Material supplied:
(* Let $g:\mathbb{R}\to\mathbb{R}$ have the property that every bounded interval $I$ admits a modulus $\omega=\omega_I$ with $$\int_0^1\frac{\omega(t)}{t}\,dt<\infty$$ such that $g|_I$ is semi-convex on $I$ with the modulus $\omega$. Then there is a separately convex function $f:\mathbb{R}^2\to\mathbb{R}$ such that $f(u,u)=g(u)$ for each $u\in\mathbb{R}$.
   Context: A function $f:\mathbb{R}^2\to\mathbb{R}$ is called separately convex if it is convex on every line parallel to a coordinate axis. A modulus is a non-decreasing function $\omega:[0,\infty)\to[0,\infty)$ with $\lim_{t\to0+}\omega(t)=0$. A real function $g$ is semi-convex with modulus $\omega$ on an interval $I$ if $g(\alpha x+(1-\alpha)y)\le\alpha g(x)+(1-\alpha)g(y)+\alpha(1-\alpha)|x-y|\,\omega(|x-y|)$ for all $x,y\in I$ and $\alpha\in(0,1)$. *)

theory Defs
  imports "HOL-Analysis.Analysis"
begin

definition modulus :: "(real \<Rightarrow> real) \<Rightarrow> bool" where
  "modulus \<omega> \<longleftrightarrow> mono_on {0..} \<omega> \<and> (\<forall>t\<ge>0. \<omega> t \<ge> 0) \<and> (\<omega> \<longlongrightarrow> 0) (at_right 0)"

definition semi_convex_on :: "real set \<Rightarrow> (real \<Rightarrow> real) \<Rightarrow> (real \<Rightarrow> real) \<Rightarrow> bool" where
  "semi_convex_on I \<omega> g \<longleftrightarrow>
     (\<forall>x\<in>I. \<forall>y\<in>I. \<forall>\<alpha>\<in>{0<..<1}.
        g (\<alpha> * x + (1 - \<alpha>) * y)
          \<le> \<alpha> * g x + (1 - \<alpha>) * g y + \<alpha> * (1 - \<alpha>) * \<bar>x - y\<bar> * \<omega> \<bar>x - y\<bar>)"
(* Let $K\ge 2$, $M,N,d$ be positive integers with $d\le \min(M,N)$, and consider the symmetric system $(M\times N,d)^K$ (i.e. $M^{[k]}=M$, $N^{[k]}=N$, $d^{[k]}=d$ for all $k\in\{1,\dots,K\}$). Then this system is proper if and only if $N_v\ge N_e$, and this holds if and only if $M+N-(K+1)d\ge 0$.
   Context: A $K$-user MIMO interference system $\Pi_{k=1}^K(M^{[k]}\times N^{[k]},d^{[k]})$ is specified by positive integers $M^{[k]}$ (transmit antennas of user $k$), $N^{[k]}$ (receive antennas of user $k$) and $d^{[k]}\le\min(M^{[k]},N^{[k]})$ (number of beams of user $k$), $k\in\mathcal{K}=\{1,\dots,K\}$. Its variables are: for each $j\in\mathcal K$ and $n\in\{1,\dots,d^{[j]}\}$ a set $T_{j,n}$ of $M^{[j]}-d^{[j]}$ variables (the free entries of the $n$-th transmit beam of user $j$, normalized so its top $d^{[j]}\times d^{[j]}$ block of the precoder is the identity), and for each $k\in\mathcal K$ and $m\in\{1,\dots,d^{[k]}\}$ a set $R_{k,m}$ of $N^{[k]}-d^{[k]}$ variables (the free entries of the $m$-th receive beam of user $k$); all these sets are pairwise disjoint. The equations are $E^{kj}_{mn}$ (standing for $\mathbf u^{[k]\dagger}_m \mathbf H^{[kj]}\mathbf v^{[j]}_n=0$) for $j,k\in\mathcal K$, $k\ne j$, $m\in\{1,\dots,d^{[k]}\}$, $n\in\{1,\dots,d^{[j]}\}$; let $\mathcal E$ be the set of all of them and set $\mathrm{var}(E^{kj}_{mn})=T_{j,n}\cup R_{k,m}$, so $|\mathrm{var}(E^{kj}_{mn})|=(M^{[j]}-d^{[j]})+(N^{[k]}-d^{[k]})$. The system is called proper if for every subset $S\subseteq\mathcal E$, $|S|\le\left|\bigcup_{E\in S}\mathrm{var}(E)\right|$, and improper otherwise. The total numbers of equations and variables are $N_e=\sum_{k,j\in\mathcal K,\,k\ne j} d^{[k]}d^{[j]}$ and $N_v=\sum_{k=1}^K d^{[k]}(M^{[k]}+N^{[k]}-2d^{[k]})$. *)

theory Defs
  imports Main
begin

text \<open>A K-user MIMO interference system is given by K and functions
  Mt (transmit antennas), Nr (receive antennas), d (beams) on users 1..K.
  Variables are encoded as tuples (b, user, beam, i): b = False for transmit
  variables T_{j,n} (i < Mt j - d j), b = True for receive variables R_{k,m}
  (i < Nr k - d k).  Equations E^{kj}_{mn} are encoded as tuples (k, j, m, n).\<close>

definition Tvars :: "(nat \<Rightarrow> nat) \<Rightarrow> (nat \<Rightarrow> nat) \<Rightarrow> nat \<Rightarrow> nat \<Rightarrow> (bool \<times> nat \<times> nat \<times> nat) set" where
  "Tvars Mt d j n = {(False, j, n, i) | i. i < Mt j - d j}"

definition Rvars :: "(nat \<Rightarrow> nat) \<Rightarrow> (nat \<Rightarrow> nat) \<Rightarrow> nat \<Rightarrow> nat \<Rightarrow> (bool \<times> nat \<times> nat \<times> nat) set" where
  "Rvars Nr d k m = {(True, k, m, i) | i. i < Nr k - d k}"

definition eqs :: "nat \<Rightarrow> (nat \<Rightarrow> nat) \<Rightarrow> (nat \<times> nat \<times> nat \<times> nat) set" where
  "eqs K d = {(k, j, m, n). k \<in> {1..K} \<and> j \<in> {1..K} \<and> k \<noteq> j \<and> m \<in> {1..d k} \<and> n \<in> {1..d j}}"

definition var_of :: "(nat \<Rightarrow> nat) \<Rightarrow> (nat \<Rightarrow> nat) \<Rightarrow> (nat \<Rightarrow> nat) \<Rightarrow> nat \<times> nat \<times> nat \<times> nat \<Rightarrow> (bool \<times> nat \<times> nat \<times> nat) set" where
  "var_of Mt Nr d E = (case E of (k, j, m, n) \<Rightarrow> Tvars Mt d j n \<union> Rvars Nr d k m)"

definition proper :: "nat \<Rightarrow> (nat \<Rightarrow> nat) \<Rightarrow> (nat \<Rightarrow> nat) \<Rightarrow> (nat \<Rightarrow> nat) \<Rightarrow> bool" where
  "proper K Mt Nr d \<longleftrightarrow>
     (\<forall>S \<subseteq> eqs K d. card S \<le> card (\<Union>E\<in>S. var_of Mt Nr d E))"

definition num_eqs :: "nat \<Rightarrow> (nat \<Rightarrow> nat) \<Rightarrow> nat" where
  "num_eqs K d = (\<Sum>k\<in>{1..K}. \<Sum>j\<in>{1..K} - {k}. d k * d j)"

definition num_vars :: "nat \<Rightarrow> (nat \<Rightarrow> nat) \<Rightarrow> (nat \<Rightarrow> nat) \<Rightarrow> (nat \<Rightarrow> nat) \<Rightarrow> int" where
  "num_vars K Mt Nr d = (\<Sum>k\<in>{1..K}. int (d k) * (int (Mt k) + int (Nr k) - 2 * int (d k)))"

end

theory Submission
  imports Defs
begin

text \<open>Necessity holds for every system: properness applied to the set of all equations gives
  \<open>N\<^sub>e \<le>\<close> (number of variables occurring) \<open>\<le> N\<^sub>v\<close>.
  For sufficiency in the symmetric case, a set \<open>S\<close> of equations touching \<open>t\<close> transmit beams
  and \<open>r\<close> receive beams involves exactly \<open>t(M - d) + r(N - d)\<close> variables, while every beam
  lies in at most \<open>(K - 1)d\<close> equations; hence \<open>|S| \<le> (K - 1)d min(t, r)\<close>, which is at most
  \<open>t(M - d) + r(N - d)\<close> as soon as \<open>(K - 1)d \<le> (M - d) + (N - d)\<close>.  After cancelling \<open>Kd\<close>,
  \<open>N\<^sub>v \<ge> N\<^sub>e\<close> is the same inequality.\<close>

lemma eqs_eq_Sigma:
  "eqs K d = (\<lambda>((k, j), (m, n)). (k, j, m, n)) `
     (SIGMA (k, j) : (SIGMA k : {1..K}. {1..K} - {k}). {1..d k} \<times> {1..d j})"
  unfolding eqs_def by (auto simp: image_iff)

lemma finite_eqs: "finite (eqs K d)"
  unfolding eqs_eq_Sigma by (intro finite_imageI finite_SigmaI) (auto split: prod.splits)

lemma card_eqs: "card (eqs K d) = num_eqs K d"
proof -
  have "card (eqs K d) = card (SIGMA (k, j) : (SIGMA k : {1..K}. {1..K} - {k}). {1..d k} \<times> {1..d j})"
    unfolding eqs_eq_Sigma by (rule card_image) (auto simp: inj_on_def)
  also have "\<dots> = (\<Sum>(k, j) \<in> (SIGMA k : {1..K}. {1..K} - {k}). d k * d j)"
    by (subst card_SigmaI) (auto simp: card_cartesian_product split: prod.splits intro!: sum.cong)
  also have "\<dots> = num_eqs K d"
    unfolding num_eqs_def by (subst sum.Sigma) auto
  finally show ?thesis .
qed

lemma Tvars_eq_image: "Tvars Mt d j n = (\<lambda>i. (False, j, n, i)) ` {..<Mt j - d j}"
  by (auto simp: Tvars_def)

lemma Rvars_eq_image: "Rvars Nr d k m = (\<lambda>i. (True, k, m, i)) ` {..<Nr k - d k}"
  by (auto simp: Rvars_def)

lemma finite_Tvars: "finite (Tvars Mt d j n)"
  by (simp add: Tvars_eq_image)

lemma finite_Rvars: "finite (Rvars Nr d k m)"
  by (simp add: Rvars_eq_image)

lemma card_Tvars: "card (Tvars Mt d j n) = Mt j - d j"
  by (simp add: Tvars_eq_image card_image inj_on_def)

lemma card_Rvars: "card (Rvars Nr d k m) = Nr k - d k"
  by (simp add: Rvars_eq_image card_image inj_on_def)

definition tx_beam :: "nat \<times> nat \<times> nat \<times> nat \<Rightarrow> nat \<times> nat" where
  "tx_beam = (\<lambda>(k, j, m, n). (j, n))"

definition rx_beam :: "nat \<times> nat \<times> nat \<times> nat \<Rightarrow> nat \<times> nat" where
  "rx_beam = (\<lambda>(k, j, m, n). (k, m))"

lemma Union_var_of:
  "(\<Union>E\<in>S. var_of Mt Nr d E) =
     (\<Union>(j, n) \<in> tx_beam ` S. Tvars Mt d j n) \<union> (\<Union>(k, m) \<in> rx_beam ` S. Rvars Nr d k m)"
  by (fastforce simp: var_of_def tx_beam_def rx_beam_def)

lemma card_UN_Tvars:
  "finite P \<Longrightarrow> card (\<Union>(j, n) \<in> P. Tvars Mt d j n) = (\<Sum>(j, n) \<in> P. Mt j - d j)"
  by (subst card_UN_disjoint) (auto simp: finite_Tvars card_Tvars split_def, auto simp: Tvars_def)

lemma card_UN_Rvars:
  "finite P \<Longrightarrow> card (\<Union>(k, m) \<in> P. Rvars Nr d k m) = (\<Sum>(k, m) \<in> P. Nr k - d k)"
  by (subst card_UN_disjoint) (auto simp: finite_Rvars card_Rvars split_def, auto simp: Rvars_def)

lemma card_Union_var_of:
  assumes "finite S"
  shows "card (\<Union>E\<in>S. var_of Mt Nr d E) =
           (\<Sum>(j, n) \<in> tx_beam ` S. Mt j - d j) + (\<Sum>(k, m) \<in> rx_beam ` S. Nr k - d k)"
proof -
  let ?T = "\<Union>(j, n) \<in> tx_beam ` S. Tvars Mt d j n"
  let ?R = "\<Union>(k, m) \<in> rx_beam ` S. Rvars Nr d k m"
  have "card (?T \<union> ?R) = card ?T + card ?R"
    by (rule card_Un_disjoint)
      (use assms in \<open>auto simp: finite_Tvars finite_Rvars Tvars_def Rvars_def split: prod.splits\<close>)
  with assms show ?thesis
    unfolding Union_var_of by (simp only: card_UN_Tvars card_UN_Rvars finite_imageI)
qed

lemma tx_beam_eqs_subset: "tx_beam ` eqs K d \<subseteq> (SIGMA j : {1..K}. {1..d j})"
  by (auto simp: tx_beam_def eqs_def)

lemma rx_beam_eqs_subset: "rx_beam ` eqs K d \<subseteq> (SIGMA k : {1..K}. {1..d k})"
  by (auto simp: rx_beam_def eqs_def)

lemma card_Union_var_of_eqs_le_num_vars:
  assumes "\<forall>k\<in>{1..K}. d k \<le> Mt k \<and> d k \<le> Nr k"
  shows "int (card (\<Union>E\<in>eqs K d. var_of Mt Nr d E)) \<le> num_vars K Mt Nr d"
proof -
  have "card (\<Union>E\<in>eqs K d. var_of Mt Nr d E)
      \<le> (\<Sum>(j, n) \<in> (SIGMA j : {1..K}. {1..d j}). Mt j - d j)
        + (\<Sum>(k, m) \<in> (SIGMA k : {1..K}. {1..d k}). Nr k - d k)"
    unfolding card_Union_var_of[OF finite_eqs]
    using tx_beam_eqs_subset rx_beam_eqs_subset by (intro add_mono sum_mono2) auto
  also have "\<dots> = (\<Sum>k\<in>{1..K}. d k * ((Mt k - d k) + (Nr k - d k)))"
    by (simp add: sum.Sigma[symmetric] sum.distrib distrib_left)
  finally have "int (card (\<Union>E\<in>eqs K d. var_of Mt Nr d E))
      \<le> int (\<Sum>k\<in>{1..K}. d k * ((Mt k - d k) + (Nr k - d k)))"
    by (simp only: of_nat_le_iff)
  also have "\<dots> = num_vars K Mt Nr d"
    unfolding num_vars_def of_nat_sum
  proof (rule sum.cong)
    fix k assume "k \<in> {1..K}"
    then have "d k \<le> Mt k" "d k \<le> Nr k"
      using assms by auto
    then show "int (d k * ((Mt k - d k) + (Nr k - d k))) = int (d k) * (int (Mt k) + int (Nr k) - 2 * int (d k))"
      by (simp only: of_nat_mult of_nat_add of_nat_diff) (simp add: algebra_simps)
  qed simp
  finally show ?thesis .
qed

lemma num_eqs_le_num_vars_if_proper:
  assumes "proper K Mt Nr d" and "\<forall>k\<in>{1..K}. d k \<le> Mt k \<and> d k \<le> Nr k"
  shows "int (num_eqs K d) \<le> num_vars K Mt Nr d"
proof -
  have "num_eqs K d \<le> card (\<Union>E\<in>eqs K d. var_of Mt Nr d E)"
    using assms(1) unfolding proper_def card_eqs[symmetric] by blast
  then show ?thesis
    using card_Union_var_of_eqs_le_num_vars[OF assms(2)] by linarith
qed

lemma card_le_mult_card_image:
  assumes "finite S" and "\<And>y. y \<in> f ` S \<Longrightarrow> card {x \<in> S. f x = y} \<le> c"
  shows "card S \<le> c * card (f ` S)"
proof -
  have "card S = card (\<Union>y\<in>f ` S. {x \<in> S. f x = y})"
    by (rule arg_cong[where f = card]) blast
  also have "\<dots> \<le> (\<Sum>y\<in>f ` S. card {x \<in> S. f x = y})"
    by (rule card_UN_le) (use assms(1) in simp)
  also have "\<dots> \<le> c * card (f ` S)"
    using sum_bounded_above[of "f ` S" "\<lambda>y. card {x \<in> S. f x = y}" c] assms(2)
    by (simp add: mult.commute)
  finally show ?thesis .
qed

lemma card_tx_beam_fiber:
  assumes "S \<subseteq> eqs K (\<lambda>_. d)" and "p \<in> tx_beam ` S"
  shows "card {E \<in> S. tx_beam E = p} \<le> (K - 1) * d"
proof -
  obtain j n where p: "p = (j, n)" and j: "j \<in> {1..K}"
    using assms by (auto simp: tx_beam_def eqs_def)
  have "{E \<in> S. tx_beam E = p} \<subseteq> (\<lambda>(k, m). (k, j, m, n)) ` (({1..K} - {j}) \<times> {1..d})"
    using assms(1) by (force simp: p tx_beam_def eqs_def image_iff)
  then have "card {E \<in> S. tx_beam E = p} \<le> card (({1..K} - {j}) \<times> {1..d})"
    by (meson card_image_le card_mono finite_SigmaI finite_Diff finite_atLeastAtMost finite_imageI order_trans)
  also have "\<dots> = (K - 1) * d"
    using j by (simp add: card_cartesian_product)
  finally show ?thesis .
qed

Instructions to follow:
For this exercise, find all lines in the records containing the word "transmit" and copy them.

Answer section:
   Context: A $K$-user MIMO interference system $\Pi_{k=1}^K(M^{[k]}\times N^{[k]},d^{[k]})$ is specified by positive integers $M^{[k]}$ (transmit antennas of user $k$), $N^{[k]}$ (receive antennas of user $k$) and $d^{[k]}\le\min(M^{[k]},N^{[k]})$ (number of beams of user $k$), $k\in\mathcal{K}=\{1,\dots,K\}$. Its variables are: for each $j\in\mathcal K$ and $n\in\{1,\dots,d^{[j]}\}$ a set $T_{j,n}$ of $M^{[j]}-d^{[j]}$ variables (the free entries of the $n$-th transmit beam of user $j$, normalized so its top $d^{[j]}\times d^{[j]}$ block of the precoder is the identity), and for each $k\in\mathcal K$ and $m\in\{1,\dots,d^{[k]}\}$ a set $R_{k,m}$ of $N^{[k]}-d^{[k]}$ variables (the free entries of the $m$-th receive beam of user $k$); all these sets are pairwise disjoint. The equations are $E^{kj}_{mn}$ (standing for $\mathbf u^{[k]\dagger}_m \mathbf H^{[kj]}\mathbf v^{[j]}_n=0$) for $j,k\in\mathcal K$, $k\ne j$, $m\in\{1,\dots,d^{[k]}\}$, $n\in\{1,\dots,d^{[j]}\}$; let $\mathcal E$ be the set of all of them and set $\mathrm{var}(E^{kj}_{mn})=T_{j,n}\cup R_{k,m}$, so $|\mathrm{var}(E^{kj}_{mn})|=(M^{[j]}-d^{[j]})+(N^{[k]}-d^{[k]})$. The system is called proper if for every subset $S\subseteq\mathcal E$, $|S|\le\left|\bigcup_{E\in S}\mathrm{var}(E)\right|$, and improper otherwise. The total numbers of equations and variables are $N_e=\sum_{k,j\in\mathcal K,\,k\ne j} d^{[k]}d^{[j]}$ and $N_v=\sum_{k=1}^K d^{[k]}(M^{[k]}+N^{[k]}-2d^{[k]})$. *)
  Mt (transmit antennas), Nr (receive antennas), d (beams) on users 1..K.
  Variables are encoded as tuples (b, user, beam, i): b = False for transmit
  For sufficiency in the symmetric case, a set \<open>S\<close> of equations touching \<open>t\<close> transmit beams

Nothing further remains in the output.